- WHAT TO WORK ON -
Your answer should be only the lines below from the one with "then obtain L" to the one with "a) \<le> c a)", repeated exactly, ends included.

- RECORDS TO USE -

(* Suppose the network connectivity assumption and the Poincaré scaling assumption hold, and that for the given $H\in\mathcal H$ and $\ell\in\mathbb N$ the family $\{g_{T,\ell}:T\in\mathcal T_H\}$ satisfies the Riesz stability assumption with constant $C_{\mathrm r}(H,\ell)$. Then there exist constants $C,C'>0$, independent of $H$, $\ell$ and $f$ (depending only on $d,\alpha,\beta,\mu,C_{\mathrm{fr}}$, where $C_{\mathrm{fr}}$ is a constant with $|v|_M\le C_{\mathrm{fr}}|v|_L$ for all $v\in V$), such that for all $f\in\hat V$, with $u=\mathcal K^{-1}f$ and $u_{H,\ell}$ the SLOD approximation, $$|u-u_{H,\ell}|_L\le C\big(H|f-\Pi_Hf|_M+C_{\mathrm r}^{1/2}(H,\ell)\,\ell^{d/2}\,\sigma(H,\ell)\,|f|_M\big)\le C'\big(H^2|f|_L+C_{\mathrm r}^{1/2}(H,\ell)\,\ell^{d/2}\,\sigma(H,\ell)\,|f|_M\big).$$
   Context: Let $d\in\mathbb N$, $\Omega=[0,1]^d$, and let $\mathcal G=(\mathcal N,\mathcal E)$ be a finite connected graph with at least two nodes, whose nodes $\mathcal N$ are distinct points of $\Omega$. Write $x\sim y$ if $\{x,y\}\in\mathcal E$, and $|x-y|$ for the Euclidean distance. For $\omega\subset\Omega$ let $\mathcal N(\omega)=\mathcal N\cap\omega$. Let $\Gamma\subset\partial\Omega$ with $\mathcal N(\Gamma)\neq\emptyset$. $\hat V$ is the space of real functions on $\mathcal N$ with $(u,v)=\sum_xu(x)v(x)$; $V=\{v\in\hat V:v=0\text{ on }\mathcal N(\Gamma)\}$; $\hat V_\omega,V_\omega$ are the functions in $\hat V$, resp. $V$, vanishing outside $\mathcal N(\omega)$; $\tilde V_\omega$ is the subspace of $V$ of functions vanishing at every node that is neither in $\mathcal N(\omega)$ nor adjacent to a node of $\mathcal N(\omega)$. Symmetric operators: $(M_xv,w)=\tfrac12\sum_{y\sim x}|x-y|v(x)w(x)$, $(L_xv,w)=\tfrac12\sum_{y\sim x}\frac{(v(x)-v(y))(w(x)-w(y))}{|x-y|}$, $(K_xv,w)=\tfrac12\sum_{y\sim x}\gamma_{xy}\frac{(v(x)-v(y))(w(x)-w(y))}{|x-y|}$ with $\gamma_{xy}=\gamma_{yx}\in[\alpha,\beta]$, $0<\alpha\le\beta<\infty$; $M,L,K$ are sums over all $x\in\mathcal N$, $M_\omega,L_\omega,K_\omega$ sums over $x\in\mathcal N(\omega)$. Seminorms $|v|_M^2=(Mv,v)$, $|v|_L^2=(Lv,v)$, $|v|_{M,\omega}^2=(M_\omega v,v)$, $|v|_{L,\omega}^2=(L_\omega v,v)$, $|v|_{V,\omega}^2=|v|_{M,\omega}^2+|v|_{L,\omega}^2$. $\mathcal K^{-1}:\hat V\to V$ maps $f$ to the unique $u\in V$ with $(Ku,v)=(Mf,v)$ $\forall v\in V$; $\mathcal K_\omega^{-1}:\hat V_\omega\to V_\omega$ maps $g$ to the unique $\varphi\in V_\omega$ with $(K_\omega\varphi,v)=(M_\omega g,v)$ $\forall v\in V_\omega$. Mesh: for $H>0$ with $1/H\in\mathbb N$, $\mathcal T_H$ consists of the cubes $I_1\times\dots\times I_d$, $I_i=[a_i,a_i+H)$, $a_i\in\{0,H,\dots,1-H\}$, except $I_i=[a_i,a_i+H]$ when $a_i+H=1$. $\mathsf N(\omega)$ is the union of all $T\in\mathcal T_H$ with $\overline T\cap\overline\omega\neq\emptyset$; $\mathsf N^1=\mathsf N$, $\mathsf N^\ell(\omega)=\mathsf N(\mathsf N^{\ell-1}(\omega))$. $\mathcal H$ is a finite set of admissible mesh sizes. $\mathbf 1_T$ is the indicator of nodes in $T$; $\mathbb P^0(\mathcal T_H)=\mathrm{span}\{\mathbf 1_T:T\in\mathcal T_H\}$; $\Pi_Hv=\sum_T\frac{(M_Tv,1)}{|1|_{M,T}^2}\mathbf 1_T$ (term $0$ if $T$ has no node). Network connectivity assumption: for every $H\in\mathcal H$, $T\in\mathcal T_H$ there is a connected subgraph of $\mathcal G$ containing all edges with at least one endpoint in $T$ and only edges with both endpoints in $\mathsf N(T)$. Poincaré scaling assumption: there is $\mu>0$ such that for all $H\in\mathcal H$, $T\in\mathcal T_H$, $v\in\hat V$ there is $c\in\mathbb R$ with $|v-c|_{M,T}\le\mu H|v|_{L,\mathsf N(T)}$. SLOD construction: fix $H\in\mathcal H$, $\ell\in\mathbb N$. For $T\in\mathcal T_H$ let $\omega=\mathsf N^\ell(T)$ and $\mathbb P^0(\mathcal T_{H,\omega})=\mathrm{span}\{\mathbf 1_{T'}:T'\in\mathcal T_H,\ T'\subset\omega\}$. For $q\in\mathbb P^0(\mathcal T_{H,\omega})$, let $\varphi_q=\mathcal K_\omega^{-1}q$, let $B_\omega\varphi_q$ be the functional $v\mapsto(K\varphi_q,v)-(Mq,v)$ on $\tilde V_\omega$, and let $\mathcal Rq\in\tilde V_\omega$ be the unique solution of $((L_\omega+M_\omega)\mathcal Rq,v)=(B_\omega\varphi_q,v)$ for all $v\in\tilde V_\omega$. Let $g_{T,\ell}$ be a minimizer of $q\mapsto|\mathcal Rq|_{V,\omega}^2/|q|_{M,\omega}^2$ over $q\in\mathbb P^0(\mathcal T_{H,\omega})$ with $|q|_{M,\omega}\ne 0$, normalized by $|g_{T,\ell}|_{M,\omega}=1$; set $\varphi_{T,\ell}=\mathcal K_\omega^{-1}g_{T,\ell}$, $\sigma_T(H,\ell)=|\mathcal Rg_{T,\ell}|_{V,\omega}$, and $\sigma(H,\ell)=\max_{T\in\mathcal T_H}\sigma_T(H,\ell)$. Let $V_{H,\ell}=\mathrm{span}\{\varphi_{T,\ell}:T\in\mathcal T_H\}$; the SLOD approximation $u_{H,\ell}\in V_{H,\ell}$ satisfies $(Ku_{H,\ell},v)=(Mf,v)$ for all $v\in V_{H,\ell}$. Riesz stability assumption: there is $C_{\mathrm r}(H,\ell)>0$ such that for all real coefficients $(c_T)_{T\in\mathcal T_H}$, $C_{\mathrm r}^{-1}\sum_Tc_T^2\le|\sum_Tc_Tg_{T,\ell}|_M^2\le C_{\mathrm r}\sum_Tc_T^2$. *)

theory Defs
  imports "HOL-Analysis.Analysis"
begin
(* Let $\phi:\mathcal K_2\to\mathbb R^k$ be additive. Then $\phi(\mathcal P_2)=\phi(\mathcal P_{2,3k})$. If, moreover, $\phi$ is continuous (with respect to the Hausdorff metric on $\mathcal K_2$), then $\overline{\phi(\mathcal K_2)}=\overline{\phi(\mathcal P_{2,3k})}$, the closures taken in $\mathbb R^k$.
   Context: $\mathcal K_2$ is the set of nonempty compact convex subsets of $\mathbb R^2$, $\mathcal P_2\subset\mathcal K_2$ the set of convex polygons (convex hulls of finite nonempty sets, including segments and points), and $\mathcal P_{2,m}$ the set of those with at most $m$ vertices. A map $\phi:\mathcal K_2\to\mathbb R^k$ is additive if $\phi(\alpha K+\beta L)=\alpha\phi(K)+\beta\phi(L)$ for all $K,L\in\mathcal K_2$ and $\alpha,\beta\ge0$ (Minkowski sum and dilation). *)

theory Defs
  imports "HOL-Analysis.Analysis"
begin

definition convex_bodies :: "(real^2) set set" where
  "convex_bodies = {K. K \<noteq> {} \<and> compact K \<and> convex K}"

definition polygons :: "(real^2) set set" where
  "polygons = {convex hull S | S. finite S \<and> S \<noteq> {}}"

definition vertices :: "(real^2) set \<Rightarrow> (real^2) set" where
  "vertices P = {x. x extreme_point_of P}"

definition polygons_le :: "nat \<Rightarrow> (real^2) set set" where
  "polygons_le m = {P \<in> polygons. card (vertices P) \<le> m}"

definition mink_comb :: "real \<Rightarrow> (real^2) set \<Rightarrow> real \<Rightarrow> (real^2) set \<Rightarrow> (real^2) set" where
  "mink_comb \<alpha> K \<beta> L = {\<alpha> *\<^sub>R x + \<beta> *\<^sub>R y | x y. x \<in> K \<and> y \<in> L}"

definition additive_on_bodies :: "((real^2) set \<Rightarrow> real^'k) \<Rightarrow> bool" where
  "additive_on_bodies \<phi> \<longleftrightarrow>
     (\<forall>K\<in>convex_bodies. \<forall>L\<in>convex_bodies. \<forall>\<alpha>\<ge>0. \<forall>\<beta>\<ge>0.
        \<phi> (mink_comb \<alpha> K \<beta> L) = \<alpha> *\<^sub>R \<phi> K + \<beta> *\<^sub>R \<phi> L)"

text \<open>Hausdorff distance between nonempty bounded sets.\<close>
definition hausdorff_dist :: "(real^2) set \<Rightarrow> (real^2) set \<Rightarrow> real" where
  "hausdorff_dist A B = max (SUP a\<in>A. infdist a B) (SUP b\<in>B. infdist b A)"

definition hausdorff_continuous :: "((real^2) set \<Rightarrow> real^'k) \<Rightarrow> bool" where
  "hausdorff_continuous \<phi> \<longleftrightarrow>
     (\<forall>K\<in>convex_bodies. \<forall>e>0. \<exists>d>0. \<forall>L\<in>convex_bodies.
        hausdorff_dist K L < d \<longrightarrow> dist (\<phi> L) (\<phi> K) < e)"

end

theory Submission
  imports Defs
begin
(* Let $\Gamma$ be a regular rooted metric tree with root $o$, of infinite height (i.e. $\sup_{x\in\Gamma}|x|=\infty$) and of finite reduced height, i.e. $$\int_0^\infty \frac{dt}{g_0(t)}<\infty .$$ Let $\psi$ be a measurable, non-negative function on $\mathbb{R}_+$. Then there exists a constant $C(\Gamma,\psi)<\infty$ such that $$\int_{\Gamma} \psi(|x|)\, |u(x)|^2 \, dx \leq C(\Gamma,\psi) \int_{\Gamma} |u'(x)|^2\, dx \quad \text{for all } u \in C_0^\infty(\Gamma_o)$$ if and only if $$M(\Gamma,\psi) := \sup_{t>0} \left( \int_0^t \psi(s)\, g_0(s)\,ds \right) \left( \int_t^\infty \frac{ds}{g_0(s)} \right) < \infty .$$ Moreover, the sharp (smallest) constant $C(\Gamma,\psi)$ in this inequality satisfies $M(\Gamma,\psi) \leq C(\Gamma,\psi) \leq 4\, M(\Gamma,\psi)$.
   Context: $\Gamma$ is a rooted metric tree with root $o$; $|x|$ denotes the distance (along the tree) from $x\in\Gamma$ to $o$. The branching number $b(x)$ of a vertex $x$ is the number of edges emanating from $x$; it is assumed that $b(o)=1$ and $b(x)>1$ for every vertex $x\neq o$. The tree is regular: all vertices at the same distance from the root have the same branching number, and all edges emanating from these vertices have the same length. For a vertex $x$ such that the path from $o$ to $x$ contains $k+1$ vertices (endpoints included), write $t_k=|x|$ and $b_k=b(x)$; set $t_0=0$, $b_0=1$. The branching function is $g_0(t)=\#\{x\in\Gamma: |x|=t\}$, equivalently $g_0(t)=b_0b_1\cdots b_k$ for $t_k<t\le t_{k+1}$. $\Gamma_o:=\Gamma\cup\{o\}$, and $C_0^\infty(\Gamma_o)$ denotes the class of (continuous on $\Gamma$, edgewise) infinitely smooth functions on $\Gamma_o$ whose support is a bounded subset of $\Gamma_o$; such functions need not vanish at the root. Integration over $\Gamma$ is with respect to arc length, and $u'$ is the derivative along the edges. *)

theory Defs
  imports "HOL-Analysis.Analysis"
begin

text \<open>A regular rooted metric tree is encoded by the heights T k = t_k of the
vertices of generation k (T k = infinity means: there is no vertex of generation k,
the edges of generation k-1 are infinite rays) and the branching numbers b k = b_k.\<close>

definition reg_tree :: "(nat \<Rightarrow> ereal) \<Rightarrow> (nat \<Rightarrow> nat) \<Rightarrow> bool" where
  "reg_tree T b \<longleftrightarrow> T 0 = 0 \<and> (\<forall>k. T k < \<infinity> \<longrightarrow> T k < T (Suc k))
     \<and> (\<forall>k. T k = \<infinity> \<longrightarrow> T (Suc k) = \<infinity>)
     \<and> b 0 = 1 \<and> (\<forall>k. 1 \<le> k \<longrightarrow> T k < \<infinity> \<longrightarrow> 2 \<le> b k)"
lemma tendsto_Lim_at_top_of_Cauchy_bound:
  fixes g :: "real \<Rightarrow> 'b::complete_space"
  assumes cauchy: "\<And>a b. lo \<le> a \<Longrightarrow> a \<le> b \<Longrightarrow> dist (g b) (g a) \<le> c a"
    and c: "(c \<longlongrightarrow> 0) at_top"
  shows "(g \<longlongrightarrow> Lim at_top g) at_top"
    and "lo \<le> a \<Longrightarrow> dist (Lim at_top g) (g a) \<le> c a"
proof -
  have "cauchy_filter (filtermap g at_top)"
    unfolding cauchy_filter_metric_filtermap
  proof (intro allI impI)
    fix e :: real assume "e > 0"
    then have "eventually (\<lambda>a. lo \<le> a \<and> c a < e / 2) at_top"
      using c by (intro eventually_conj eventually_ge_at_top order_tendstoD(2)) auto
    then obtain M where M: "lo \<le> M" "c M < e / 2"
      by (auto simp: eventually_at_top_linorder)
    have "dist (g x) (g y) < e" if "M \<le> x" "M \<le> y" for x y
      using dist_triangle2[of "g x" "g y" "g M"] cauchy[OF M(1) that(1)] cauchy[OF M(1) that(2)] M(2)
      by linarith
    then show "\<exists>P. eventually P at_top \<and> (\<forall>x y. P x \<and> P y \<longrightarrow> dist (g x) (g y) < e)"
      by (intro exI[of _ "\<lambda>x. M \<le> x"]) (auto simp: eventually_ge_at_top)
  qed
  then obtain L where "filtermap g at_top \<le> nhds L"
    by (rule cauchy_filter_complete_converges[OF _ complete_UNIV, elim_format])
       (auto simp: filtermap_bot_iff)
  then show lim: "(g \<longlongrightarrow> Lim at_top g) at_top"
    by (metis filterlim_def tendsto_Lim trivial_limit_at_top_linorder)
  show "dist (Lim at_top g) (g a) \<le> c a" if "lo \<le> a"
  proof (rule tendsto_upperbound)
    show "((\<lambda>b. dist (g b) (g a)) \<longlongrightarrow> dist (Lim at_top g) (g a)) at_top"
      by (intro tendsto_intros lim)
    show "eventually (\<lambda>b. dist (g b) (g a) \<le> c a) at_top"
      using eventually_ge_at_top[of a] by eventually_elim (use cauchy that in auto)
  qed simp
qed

- THE ANSWER -
  then obtain L where "filtermap g at_top \<le> nhds L"
    by (rule cauchy_filter_complete_converges[OF _ complete_UNIV, elim_format])
       (auto simp: filtermap_bot_iff)
  then show lim: "(g \<longlongrightarrow> Lim at_top g) at_top"
    by (metis filterlim_def tendsto_Lim trivial_limit_at_top_linorder)
  show "dist (Lim at_top g) (g a) \<le> c a" if "lo \<le> a"
  proof (rule tendsto_upperbound)
    show "((\<lambda>b. dist (g b) (g a)) \<longlongrightarrow> dist (Lim at_top g) (g a)) at_top"
      by (intro tendsto_intros lim)
    show "eventually (\<lambda>b. dist (g b) (g a) \<le> c a) at_top"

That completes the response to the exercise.